## TASK PROMPT
Range to output from the entries below: the line containing "using \<open>cmod n" through the line containing "using \<open>0 < \<rho>\<close> \<open>\<rho>". Set it down exactly, ends included, nothing else.

[Stored data entries]

************

lemma displaced_doubling_disc:
  fixes \<mu> :: "complex measure"
  assumes sets_mu: "sets \<mu> = sets (restrict_space borel (ball 0 1))"
    and "locally_doubling hyp_dist (ball 0 1) \<mu>" and "0 < \<rho>" "\<rho> \<le> 1"
  obtains C where "displaced_doubling_on \<mu> (ball 0 1) (cball 0 (1 - \<rho>)) C (\<rho>/32)"
proof -
  obtain C\<^sub>0 where "1 < C\<^sub>0" and doubling: "\<And>y r. y \<in> ball 0 1 \<Longrightarrow> 0 < r \<Longrightarrow> r < 1 \<Longrightarrow>
      emeasure \<mu> (omega_ball hyp_dist (ball 0 1) y r)
        \<le> ennreal C\<^sub>0 * emeasure \<mu> (omega_ball hyp_dist (ball 0 1) y (r / 2))"
    using \<open>locally_doubling hyp_dist (ball 0 1) \<mu>\<close> unfolding locally_doubling_def by blast
  define L where "L = 4 / \<rho>"
  obtain m where "8 * L^2 < 2 ^ m"
    using real_arch_pow[of 2 "8 * L^2"] by auto
  have sets_iff: "A \<in> sets \<mu> \<longleftrightarrow> A \<subseteq> ball 0 1 \<and> A \<in> sets borel" for A
    using sets_mu by (simp add: sets_restrict_space_borel_iff)
  have "displaced_doubling_on \<mu> (ball 0 1) (cball 0 (1 - \<rho>)) (C\<^sub>0 ^ m) (\<rho>/32)"
    unfolding displaced_doubling_on_def
  proof (intro ballI allI impI)
    fix x n :: complex and h :: real
    assume x: "x \<in> cball 0 (1 - \<rho>)" and "cmod n = 1" "0 < h" "h \<le> \<rho>/32"
    define y where "y = x + (3*h) *\<^sub>R n"
    have "dist x y = 3*h"
      using \<open>cmod n = 1\<close> \<open>0 < h\<close> by (simp add: y_def dist_norm)
    have "cmod y \<le> cmod x + 3*h"
      using norm_triangle_ineq[of x "(3*h) *\<^sub>R n"] \<open>cmod n = 1\<close> \<open>0 < h\<close> by (simp add: y_def)
    moreover have "cmod x \<le> 1 - \<rho>"
      using x by simp
    ultimately have y: "cmod y \<le> 1 - \<rho>/2"
      using \<open>h \<le> \<rho>/32\<close> \<open>0 < h\<close> by linarith
    have upper: "hyp_dist y w \<le> L * dist y w" if "w \<in> ball 0 1" "dist y w < 4*h" for w
      using hyp_dist_le_dist[of "\<rho>/2" y w] y that \<open>h \<le> \<rho>/32\<close> \<open>0 < \<rho>\<close> by (simp add: L_def)
    have lower: "dist y w \<le> L * hyp_dist y w" if "w \<in> ball 0 1" for w
    proof -
      have "dist y w \<le> 4 * hyp_dist y w"
        using dist_le_hyp_dist[of y w] y that \<open>0 < \<rho>\<close> by simp
      also have "\<dots> \<le> L * hyp_dist y w"
      proof (rule mult_right_mono)
        show "4 \<le> L"
          using \<open>0 < \<rho>\<close> \<open>\<rho> \<le> 1\<close> by (simp add: L_def field_simps)
        show "0 \<le> hyp_dist y w"
          using \<open>dist y w \<le> 4 * hyp_dist y w\<close> zero_le_dist[of y w] by linarith
      qed
      finally show ?thesis .
    qed
    have sets: "omega_ball hyp_dist (ball 0 1) y r \<in> sets \<mu>" "ball y (h/2) \<inter> ball 0 1 \<in> sets \<mu>" for r
      using open_hyp_ball[of y r] y \<open>0 < \<rho>\<close> sets_iff by (auto simp: omega_ball_def)
    show "emeasure \<mu> (ball x h \<inter> ball 0 1)
        \<le> ennreal (C\<^sub>0 ^ m) * emeasure \<mu> (ball (x + (3*h) *\<^sub>R n) (h/2) \<inter> ball 0 1)"
      unfolding y_def[symmetric]
    proof (rule emeasure_ball_le_displaced_ball[OF doubling _ sets upper lower])
      show "y \<in> ball 0 1"
        using y \<open>0 < \<rho>\<close> by simp
      show "4 * L * h < 1"
        using \<open>h \<le> \<rho>/32\<close> \<open>0 < \<rho>\<close> by (simp add: L_def field_simps)
    qed (use \<open>1 < C\<^sub>0\<close> \<open>0 < \<rho>\<close> \<open>0 < h\<close> \<open>8 * L^2 < 2 ^ m\<close> \<open>dist x y = 3*h\<close> in \<open>auto simp: L_def\<close>)
  qed
  thus ?thesis by (rule that)
qed

lemma displaced_doubling_near_segment:
  fixes \<mu> :: "complex measure"
  assumes space: "(\<Omega> = UNIV \<and> d = dist) \<or> (\<Omega> = ball 0 1 \<and> d = hyp_dist)"
    and sets_mu: "sets \<mu> = sets (restrict_space borel \<Omega>)"
    and doubling: "locally_doubling d \<Omega> \<mu>"
    and ab: "a \<in> \<Omega>" "b \<in> \<Omega>"
  obtains C h\<^sub>0 where "0 < h\<^sub>0" "cball 0 (max (cmod a) (cmod b) + 4*h\<^sub>0) \<subseteq> \<Omega>"
    "displaced_doubling_on \<mu> \<Omega> (closed_segment a b) C h\<^sub>0"
proof -
  define R where "R = max (cmod a) (cmod b)"
  have segment_R: "closed_segment a b \<subseteq> cball 0 R"
    by (intro closed_segment_subset) (auto simp: R_def)
  from space show ?thesis
  proof
    assume "\<Omega> = UNIV \<and> d = dist"
    hence \<Omega>: "\<Omega> = UNIV" and "d = dist" by auto
    obtain C where "displaced_doubling_on \<mu> UNIV UNIV C (1/8)"
      using sets_mu doubling unfolding \<Omega> \<open>d = dist\<close> by (rule displaced_doubling_plane)
    hence "displaced_doubling_on \<mu> \<Omega> (closed_segment a b) C (1/8)"
      unfolding \<Omega> by (rule displaced_doubling_on_subset) simp
    thus ?thesis
      by (rule that[rotated 2]) (auto simp: \<Omega>)
  next
    assume "\<Omega> = ball 0 1 \<and> d = hyp_dist"
    hence \<Omega>: "\<Omega> = ball 0 1" and "d = hyp_dist" by auto
    define \<rho> where "\<rho> = 1 - R"
    hence R_eq: "R = 1 - \<rho>" by simp
    have "0 < \<rho>" "\<rho> \<le> 1"
      using ab norm_ge_zero[of a] by (auto simp: \<Omega> \<rho>_def R_def le_max_iff_disj)
    obtain C where "displaced_doubling_on \<mu> (ball 0 1) (cball 0 (1 - \<rho>)) C (\<rho>/32)"
      using sets_mu doubling \<open>0 < \<rho>\<close> \<open>\<rho> \<le> 1\<close> unfolding \<Omega> \<open>d = hyp_dist\<close>
      by (rule displaced_doubling_disc)
    hence "displaced_doubling_on \<mu> \<Omega> (closed_segment a b) C (\<rho>/32)"
      unfolding \<Omega> by (rule displaced_doubling_on_subset) (use segment_R R_eq in simp)
    moreover have "cball 0 (R + 4 * (\<rho>/32)) \<subseteq> \<Omega>"
      using \<open>0 < \<rho>\<close> by (auto simp: \<Omega> R_eq)
    ultimately show ?thesis
      using \<open>0 < \<rho>\<close> that[of "\<rho>/32" C] by (simp add: R_def)
  qed
qed

theorem lemma2:
  fixes \<Omega> :: "complex set" and d :: "complex \<Rightarrow> complex \<Rightarrow> real"
    and \<mu> :: "complex measure" and a b :: complex
  assumes space: "(\<Omega> = UNIV \<and> d = dist) \<or> (\<Omega> = ball 0 1 \<and> d = hyp_dist)"
    and sets_mu: "sets \<mu> = sets (restrict_space borel \<Omega>)"
    and loc_finite: "\<And>K. compact K \<Longrightarrow> K \<subseteq> \<Omega> \<Longrightarrow> emeasure \<mu> K < \<infinity>"
    and doubling: "locally_doubling d \<Omega> \<mu>"
    and ab: "a \<in> \<Omega>" "b \<in> \<Omega>"
  shows "emeasure \<mu> (closed_segment a b) = 0"
proof -
  obtain C h\<^sub>0 where "0 < h\<^sub>0" and cball: "cball 0 (max (cmod a) (cmod b) + 4*h\<^sub>0) \<subseteq> \<Omega>"
    and displaced: "displaced_doubling_on \<mu> \<Omega> (closed_segment a b) C h\<^sub>0"
    using displaced_doubling_near_segment[OF space sets_mu doubling ab] by blast
  have "open \<Omega>"
    using space by auto
  show ?thesis
  proof (rule emeasure_closed_segment_eq_0[OF sets_mu _ _ _ cball _ \<open>0 < h\<^sub>0\<close> displaced])
    show "emeasure \<mu> (cball 0 (max (cmod a) (cmod b) + 4*h\<^sub>0)) < \<infinity>"
      using cball by (rule loc_finite[OF compact_cball])
  qed (use \<open>open \<Omega>\<close> in auto)
qed

end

************

## THE ANSWER
      using \<open>cmod n = 1\<close> \<open>0 < h\<close> by (simp add: y_def dist_norm)
    have "cmod y \<le> cmod x + 3*h"
      using norm_triangle_ineq[of x "(3*h) *\<^sub>R n"] \<open>cmod n = 1\<close> \<open>0 < h\<close> by (simp add: y_def)
    moreover have "cmod x \<le> 1 - \<rho>"
      using x by simp
    ultimately have y: "cmod y \<le> 1 - \<rho>/2"
      using \<open>h \<le> \<rho>/32\<close> \<open>0 < h\<close> by linarith
    have upper: "hyp_dist y w \<le> L * dist y w" if "w \<in> ball 0 1" "dist y w < 4*h" for w
      using hyp_dist_le_dist[of "\<rho>/2" y w] y that \<open>h \<le> \<rho>/32\<close> \<open>0 < \<rho>\<close> by (simp add: L_def)
    have lower: "dist y w \<le> L * hyp_dist y w" if "w \<in> ball 0 1" for w
    proof -
      have "dist y w \<le> 4 * hyp_dist y w"
        using dist_le_hyp_dist[of y w] y that \<open>0 < \<rho>\<close> by simp
      also have "\<dots> \<le> L * hyp_dist y w"
      proof (rule mult_right_mono)
        show "4 \<le> L"
          using \<open>0 < \<rho>\<close> \<open>\<rho> \<le> 1\<close> by (simp add: L_def field_simps)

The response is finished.